Book Review – “Jasmine Cookbook”


I have been involved in doing evaluation of a lot of tools and frameworks to suite the day to day project and client needs. Recently did a research on “Jasmine” to validate and check it’s implementation feasibility for BDD when I hit “Jasmine Cookbook“.

I was quite intrigued when I received this book written by Munish Sethi, as it provides practical ways how a novice can actually learn Jasmine quickly and easily. So, is it a ideal reference book for a product team to get handson on Jasmine quickly?

In short: Yes. It acts as a great reference for the teams who want to implement Jasmine for their products. More importantly it acts as a quick reference for anyone who wants to begin with Jasmine.

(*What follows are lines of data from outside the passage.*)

lemma mix_eq_mix_iff:
  assumes "S \<subseteq> set (diff_positions X Y)" "S' \<subseteq> set (diff_positions X Y)"
  shows "mix X Y S = mix X Y S' \<longleftrightarrow> S = S'"
proof
  assume eq: "mix X Y S = mix X Y S'"
  have "i \<in> S \<longleftrightarrow> i \<in> S'" if "i \<in> set (diff_positions X Y)" for i
    using arg_cong[OF eq, of "\<lambda>Z. Z ! i"] that by (auto simp: set_diff_positions split: if_splits)
  then show "S = S'" using assms by blast
qed simp

lemma ternary_mix: "ternary n X \<Longrightarrow> ternary n Y \<Longrightarrow> ternary n (mix X Y S)"
  unfolding ternary_def mix_def by auto

lemma differ_one_mix_insert:
  assumes "length Y = length X" "p \<in> set (diff_positions X Y)" "p \<notin> S"
  shows "differ_one (mix X Y S) (mix X Y (insert p S))"
  by (rule differ_one_if_differ_only_at) (use assms in \<open>auto simp: set_diff_positions\<close>)

text \<open>The point after m steps of the walk from X to Y that switches the differing positions
  to their values in Y one at a time, in cyclic order starting from the k-th one.\<close>
definition walk_point :: "'a list \<Rightarrow> 'a list \<Rightarrow> nat \<Rightarrow> nat \<Rightarrow> 'a list" where
  "walk_point X Y k m = mix X Y (nth (diff_positions X Y) ` cyclic_arc (hamming_dist X Y) k m)"

lemma inj_on_nth_diff_positions: "inj_on (nth (diff_positions X Y)) {..<hamming_dist X Y}"
  unfolding hamming_dist_def by (rule inj_on_nth) (simp_all add: distinct_diff_positions)

lemma image_nth_cyclic_arc_subset:
  "m \<le> hamming_dist X Y \<Longrightarrow>
    nth (diff_positions X Y) ` cyclic_arc (hamming_dist X Y) k m \<subseteq> set (diff_positions X Y)"
  using cyclic_arc_subset[of m "hamming_dist X Y" k] unfolding hamming_dist_def
  by (auto intro!: nth_mem)

lemma walk_point_0: "walk_point X Y k 0 = X"
  unfolding walk_point_def by (simp add: mix_empty)

lemma walk_point_hamming_dist: "length Y = length X \<Longrightarrow> walk_point X Y k (hamming_dist X Y) = Y"
  unfolding walk_point_def cyclic_arc_full hamming_dist_def
  by (simp add: lessThan_atLeast0 nth_image mix_diff_positions)

lemma differ_one_walk_point_Suc:
  assumes "length Y = length X" "m < hamming_dist X Y"
  shows "differ_one (walk_point X Y k m) (walk_point X Y k (Suc m))"
proof -
  let ?h = "hamming_dist X Y" and ?ds = "diff_positions X Y"
  have "(k + m) mod ?h < ?h" using assms(2) by simp
  then have p_mem: "?ds ! ((k + m) mod ?h) \<in> set ?ds" unfolding hamming_dist_def by simp
  have "?ds ! ((k + m) mod ?h) \<notin> nth ?ds ` cyclic_arc ?h k m"
    using mod_add_notin_cyclic_arc[OF assms(2)] inj_on_image_mem_iff[OF inj_on_nth_diff_positions
        \<open>(k + m) mod ?h < ?h\<close>[folded lessThan_iff] cyclic_arc_subset[of m ?h k]] assms(2)
    by simp
  then show ?thesis
    unfolding walk_point_def cyclic_arc_Suc image_insert
    by (rule differ_one_mix_insert[OF assms(1) p_mem])
qed

lemma walk_point_eq_walk_point:
  assumes "m \<le> hamming_dist X Y" "m' \<le> hamming_dist X Y"
    and eq: "walk_point X Y k m = walk_point X Y k' m'"
  shows "m = m'"
    and "k < hamming_dist X Y \<Longrightarrow> k' < hamming_dist X Y \<Longrightarrow> 0 < m \<Longrightarrow> m < hamming_dist X Y
          \<Longrightarrow> k = k'"
proof -
  let ?h = "hamming_dist X Y" and ?ds = "diff_positions X Y"
  have "nth ?ds ` cyclic_arc ?h k m = nth ?ds ` cyclic_arc ?h k' m'"
    using eq image_nth_cyclic_arc_subset[OF assms(1)] image_nth_cyclic_arc_subset[OF assms(2)]
    unfolding walk_point_def by (simp add: mix_eq_mix_iff)
  then have arcs_eq: "cyclic_arc ?h k m = cyclic_arc ?h k' m'"
    using inj_on_image_eq_iff[OF inj_on_nth_diff_positions
        cyclic_arc_subset[OF assms(1)] cyclic_arc_subset[OF assms(2)]] by simp
  then show "m = m'"
    using card_cyclic_arc[OF assms(1), of k] card_cyclic_arc[OF assms(2), of k'] by simp
  show "k = k'" if "k < ?h" "k' < ?h" "0 < m" "m < ?h"
    using cyclic_arc_start_unique[OF that _ _ arcs_eq] \<open>m = m'\<close> that by simp
qed

lemma nth_walk_point_cases:
  "i < length X \<Longrightarrow> walk_point X Y k m ! i = X ! i \<or> walk_point X Y k m ! i = Y ! i"
  unfolding walk_point_def by simp

lemma ternary_walk_point: "ternary n X \<Longrightarrow> ternary n Y \<Longrightarrow> ternary n (walk_point X Y k m)"
  unfolding walk_point_def by (rule ternary_mix)

definition hamming_walk :: "'a list \<Rightarrow> 'a list \<Rightarrow> nat \<Rightarrow> 'a list list" where
  "hamming_walk X Y k = map (walk_point X Y k) [0..<Suc (hamming_dist X Y)]"

definition hamming_path :: "nat \<Rightarrow> nat list \<Rightarrow> nat list \<Rightarrow> nat list list \<Rightarrow> bool" where
  "hamming_path n X Y Xs \<longleftrightarrow> Xs \<noteq> [] \<and> hd Xs = X \<and> last Xs = Y \<and> distinct Xs \<and>
     (\<forall>Z\<in>set Xs. ternary n Z) \<and> successively differ_one Xs"

lemma length_hamming_walk: "length (hamming_walk X Y k) = Suc (hamming_dist X Y)"
  unfolding hamming_walk_def by simp

lemma nth_mem_hamming_walk_cases:
  assumes "Z \<in> set (hamming_walk X Y k)" "i < length X"
  shows "Z ! i = X ! i \<or> Z ! i = Y ! i"
proof -
  obtain m where "Z = walk_point X Y k m"
    using assms(1) unfolding hamming_walk_def by auto
  then show ?thesis using nth_walk_point_cases[OF assms(2)] by blast
qed

lemma hamming_path_hamming_walk:
  assumes "ternary n X" "ternary n Y"
  shows "hamming_path n X Y (hamming_walk X Y k)"
proof -
  have len: "length Y = length X" using assms unfolding ternary_def by simp
  have "inj_on (walk_point X Y k) {0..<Suc (hamming_dist X Y)}"
  proof (rule inj_onI)
    fix m m' assume "m \<in> {0..<Suc (hamming_dist X Y)}" "m' \<in> {0..<Suc (hamming_dist X Y)}"
      and "walk_point X Y k m = walk_point X Y k m'"
    then show "m = m'" using walk_point_eq_walk_point(1)[of m X Y m' k k] by simp
  qed
  moreover have "successively differ_one (hamming_walk X Y k)"
    unfolding hamming_walk_def successively_conv_nth
    using differ_one_walk_point_Suc[OF len] by (simp del: upt_Suc)
  ultimately show ?thesis
    using assms len ternary_walk_point
    unfolding hamming_path_def hamming_walk_def
    by (auto simp: distinct_map walk_point_0 walk_point_hamming_dist hd_map last_map
        simp del: upt_Suc)
qed

lemma hamming_walks_inter:
  assumes "length Y = length X" "k < hamming_dist X Y" "k' < hamming_dist X Y" "k \<noteq> k'"
  shows "set (hamming_walk X Y k) \<inter> set (hamming_walk X Y k') \<subseteq> {X, Y}"
proof
  fix Z assume Z: "Z \<in> set (hamming_walk X Y k) \<inter> set (hamming_walk X Y k')"
  obtain m m' where m: "m \<le> hamming_dist X Y" "m' \<le> hamming_dist X Y"
    and walk_points: "Z = walk_point X Y k m" "Z = walk_point X Y k' m'"
    using Z unfolding hamming_walk_def by (auto simp: less_Suc_eq_le simp del: upt_Suc)
  have "walk_point X Y k m = walk_point X Y k' m'" using walk_points by simp
  then have "\<not> (0 < m \<and> m < hamming_dist X Y)"
    using walk_point_eq_walk_point(2)[OF m] assms(2-4) by blast
  then have "m = 0 \<or> m = hamming_dist X Y" using m(1) by linarith
  then show "Z \<in> {X, Y}" using walk_points walk_point_0 walk_point_hamming_dist[OF assms(1)] by auto
qed

section \<open>Disjoint paths in the ternary cube\<close>

lemma card_avoiding_pairs:
  assumes "\<forall>j<n. X ! j < 3 \<and> Y ! j < (3::nat)"
  shows "card (SIGMA j:{..<n}. {x. x < 3 \<and> x \<noteq> X ! j \<and> x \<noteq> Y ! j})
           + card {j. j < n \<and> X ! j \<noteq> Y ! j} = 2 * n"
proof -
  have fibre: "card {x. x < 3 \<and> x \<noteq> X ! j \<and> x \<noteq> Y ! j} + (if X ! j \<noteq> Y ! j then 1 else 0) = 2"
    if "j < n" for j
  proof -
    have "{x. x < 3 \<and> x \<noteq> X ! j \<and> x \<noteq> Y ! j} = {0, 1, 2} - {X ! j, Y ! j}" by auto
    moreover have "card ({0::nat, 1, 2} - {X ! j, Y ! j}) = 3 - card {X ! j, Y ! j}"
      using assms that by (subst card_Diff_subset) auto
    ultimately show ?thesis by simp
  qed
  have "card (SIGMA j:{..<n}. {x. x < 3 \<and> x \<noteq> X ! j \<and> x \<noteq> Y ! j})
      = (\<Sum>j<n. card {x. x < 3 \<and> x \<noteq> X ! j \<and> x \<noteq> Y ! j})"
    by (rule card_SigmaI) auto
  moreover have "card {j. j < n \<and> X ! j \<noteq> Y ! j} = (\<Sum>j<n. if X ! j \<noteq> Y ! j then 1 else 0)"
    using sum.inter_filter[of "{..<n}" "\<lambda>_. 1::nat" "\<lambda>j. X ! j \<noteq> Y ! j"]
    by (simp add: lessThan_def)
  ultimately show ?thesis using fibre by (simp add: sum.distrib[symmetric])
qed

definition single_changes :: "nat \<Rightarrow> nat list \<Rightarrow> nat list set" where
  "single_changes n X = (\<lambda>(j, x). X[j := x]) ` (SIGMA j:{..<n}. {x. x < 3 \<and> x \<noteq> X ! j})"

lemma card_single_changes:
  assumes "ternary m X" "n \<le> m"
  shows "card (single_changes n X) = 2 * n"
proof -
  have "inj_on (\<lambda>(j, x). X[j := x]) (SIGMA j:{..<n}. {x. x < 3 \<and> x \<noteq> X ! j})"
    using assms unfolding ternary_def by (auto intro!: inj_onI simp: list_update_eq_list_update_iff)
  moreover have "card (SIGMA j:{..<n}. {x. x < 3 \<and> x \<noteq> X ! j}) = 2 * n"
    using card_avoiding_pairs[of n X X] assms unfolding ternary_def by simp
  ultimately show ?thesis unfolding single_changes_def by (simp add: card_image)
qed

lemma mem_single_changesD:
  assumes "Y \<in> single_changes n X" "ternary m X" "n \<le> m"
  shows "ternary m Y" "differ_one X Y"
proof -
  obtain j x where jx: "j < n" "x < 3" "x \<noteq> X ! j" "Y = X[j := x]"
    using assms(1) unfolding single_changes_def by auto
  then show "ternary m Y" using ternary_list_update[OF assms(2)] by simp
  have "j < length X" using jx(1) assms(2,3) unfolding ternary_def by simp
  then show "differ_one X Y" using differ_one_list_update jx(3,4) by simp
qed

This book is divided into 9 logical chapters with each chapter focusing on a particular need that any team might be having at any particular phase of a SDLC i.e. from evaluation phase till actual implementation and measurement phase. Some of the key focus areas that the writer has brought out very clearly are

  1. How Jasmine can be implemented in teams following either TDD or BDD. It becomes easy for the user to understand and implement it in the projects thereafter.
  2. All examples relate to the real world scenarios a layman might get into, hence, makes them easy to understand
  3. Provides a detailed step by step approach to write your own custom “equality” and “matcher” functions in Jasmine
  4. Performing mocking using spyOn() method, Asynchronous operations and  Implementation of Fixtures and manipulation of DOM with Jasmine tests is explained in detail.
  5. Includes practical usage and designing of Jasmine based automated tests to validate complex functionality developed using AJAX, jQuery, JSON Fixtures
  6. Apart from the automated tests, it also includes methodologies to validate the code coverage achieved through the automated tests using JavaScript Code Coverage tool Karma and Istanbul that can enable product teams to keep a check on what they are testing.

Towards the end, Jasmine integration and usage with other tools like Angular JS, Node.js and CoffeeScript is touched upon. Though these could have been detailed further, but it gives a platform to quickly start in case there is a need for these technologies. But, overall the book is a great guide for a product team to take small steps to learn and implement Jasmine as per their needs.